> [EXERCISE DETAILS]: A faithful copy of all the data below, please; leave no line out.

[Stored data entries]
definition prob_enc :: "msg set \<Rightarrow> msg \<Rightarrow> nat list \<Rightarrow> bool" where
  "prob_enc S U q \<longleftrightarrow> (\<forall>V \<in> S. \<forall>p. subt U (q @ [3]) \<noteq> None \<and> subt V p = subt U (q @ [3])
      \<longrightarrow> (\<exists>q'. p = q' @ [3] \<and> subt V q' = subt U q))"

definition key_ok :: "nat \<Rightarrow> msg \<Rightarrow> bool" where
  "key_ok s u \<longleftrightarrow> (case u of
       Enc M K R \<Rightarrow> s \<notin> fn K \<union> fn R
     | Enca M K R \<Rightarrow> s \<notin> fn K \<union> fn R
     | Sign U V \<Rightarrow> s \<notin> fn V
     | Pub W \<Rightarrow> s \<notin> fn W
     | Priv W \<Rightarrow> s \<notin> fn W
     | _ \<Rightarrow> True)"

definition is_destr :: "msg \<Rightarrow> bool" where
  "is_destr t \<longleftrightarrow> head t \<in> {SPi1, SPi2, SDec, SDeca, SCheck, SRetrieve}"

definition well_formed :: "frame \<Rightarrow> nat \<Rightarrow> bool" where
  "well_formed \<phi> s \<longleftrightarrow>
     (\<forall>U \<in> ran (snd \<phi>). \<forall>q u. subt U q = Some u \<and> is_enc u \<longrightarrow>
         agent_enc (fst \<phi> - {s}) U q \<and> prob_enc (ran (snd \<phi>)) U q)
   \<and> (\<forall>U \<in> ran (snd \<phi>). \<forall>u \<in> subterms U. key_ok s u)
   \<and> (\<forall>U \<in> ran (snd \<phi>). \<forall>u \<in> subterms U. \<not> is_destr u)"

end

theory Submission
  imports Defs
begin

text \<open>If s is deducible, a recipe for s is a test separating the frames obtained by replacing s
with two different constants. Conversely, suppose s is not deducible. Call a term good if s
occurs in it only inside (instances of) encryptions of the frame, which are recognised by their
random names even after s has been replaced. The normal form of every deducible term is good:
well-formedness keeps s out of keys and randomness, so an exposed occurrence of s could be
extracted by projections and retrieval. Replacing s by a closed term is injective on good terms
and commutes with normalisation, so a public test is passed after the replacement exactly when
it is passed by the original frame, whatever term replaces s.\<close>

definition leaf :: "msg \<Rightarrow> bool" where
  "leaf t \<longleftrightarrow> (\<exists>n. t = Nm n) \<or> (\<exists>x. t = Vr x)"

lemma leaf_simps [simp]:
  "leaf (Nm n)" "leaf (Vr x)" "\<not> leaf (Cst c)"
  "\<not> leaf (Enc a b d)" "\<not> leaf (Dec a b)" "\<not> leaf (Enca a b d)" "\<not> leaf (Deca a b)"
  "\<not> leaf (Pub a)" "\<not> leaf (Priv a)" "\<not> leaf (Pair a b)" "\<not> leaf (Pi1 a)" "\<not> leaf (Pi2 a)"
  "\<not> leaf (Sign a b)" "\<not> leaf (Check a b d)" "\<not> leaf (Retrieve a)"
  by (auto simp: leaf_def)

> [EXERCISE OUTPUT]:
definition prob_enc :: "msg set \<Rightarrow> msg \<Rightarrow> nat list \<Rightarrow> bool" where
  "prob_enc S U q \<longleftrightarrow> (\<forall>V \<in> S. \<forall>p. subt U (q @ [3]) \<noteq> None \<and> subt V p = subt U (q @ [3])
      \<longrightarrow> (\<exists>q'. p = q' @ [3] \<and> subt V q' = subt U q))"

definition key_ok :: "nat \<Rightarrow> msg \<Rightarrow> bool" where
  "key_ok s u \<longleftrightarrow> (case u of
       Enc M K R \<Rightarrow> s \<notin> fn K \<union> fn R
     | Enca M K R \<Rightarrow> s \<notin> fn K \<union> fn R
     | Sign U V \<Rightarrow> s \<notin> fn V
     | Pub W \<Rightarrow> s \<notin> fn W
     | Priv W \<Rightarrow> s \<notin> fn W
     | _ \<Rightarrow> True)"

definition is_destr :: "msg \<Rightarrow> bool" where
  "is_destr t \<longleftrightarrow> head t \<in> {SPi1, SPi2, SDec, SDeca, SCheck, SRetrieve}"

definition well_formed :: "frame \<Rightarrow> nat \<Rightarrow> bool" where
  "well_formed \<phi> s \<longleftrightarrow>
     (\<forall>U \<in> ran (snd \<phi>). \<forall>q u. subt U q = Some u \<and> is_enc u \<longrightarrow>
         agent_enc (fst \<phi> - {s}) U q \<and> prob_enc (ran (snd \<phi>)) U q)
   \<and> (\<forall>U \<in> ran (snd \<phi>). \<forall>u \<in> subterms U. key_ok s u)
   \<and> (\<forall>U \<in> ran (snd \<phi>). \<forall>u \<in> subterms U. \<not> is_destr u)"

end

theory Submission
  imports Defs
begin

text \<open>If s is deducible, a recipe for s is a test separating the frames obtained by replacing s
with two different constants. Conversely, suppose s is not deducible. Call a term good if s
occurs in it only inside (instances of) encryptions of the frame, which are recognised by their
random names even after s has been replaced. The normal form of every deducible term is good:
well-formedness keeps s out of keys and randomness, so an exposed occurrence of s could be
extracted by projections and retrieval. Replacing s by a closed term is injective on good terms
and commutes with normalisation, so a public test is passed after the replacement exactly when
it is passed by the original frame, whatever term replaces s.\<close>

definition leaf :: "msg \<Rightarrow> bool" where
  "leaf t \<longleftrightarrow> (\<exists>n. t = Nm n) \<or> (\<exists>x. t = Vr x)"

lemma leaf_simps [simp]:
  "leaf (Nm n)" "leaf (Vr x)" "\<not> leaf (Cst c)"
  "\<not> leaf (Enc a b d)" "\<not> leaf (Dec a b)" "\<not> leaf (Enca a b d)" "\<not> leaf (Deca a b)"
  "\<not> leaf (Pub a)" "\<not> leaf (Priv a)" "\<not> leaf (Pair a b)" "\<not> leaf (Pi1 a)" "\<not> leaf (Pi2 a)"
  "\<not> leaf (Sign a b)" "\<not> leaf (Check a b d)" "\<not> leaf (Retrieve a)"
  by (auto simp: leaf_def)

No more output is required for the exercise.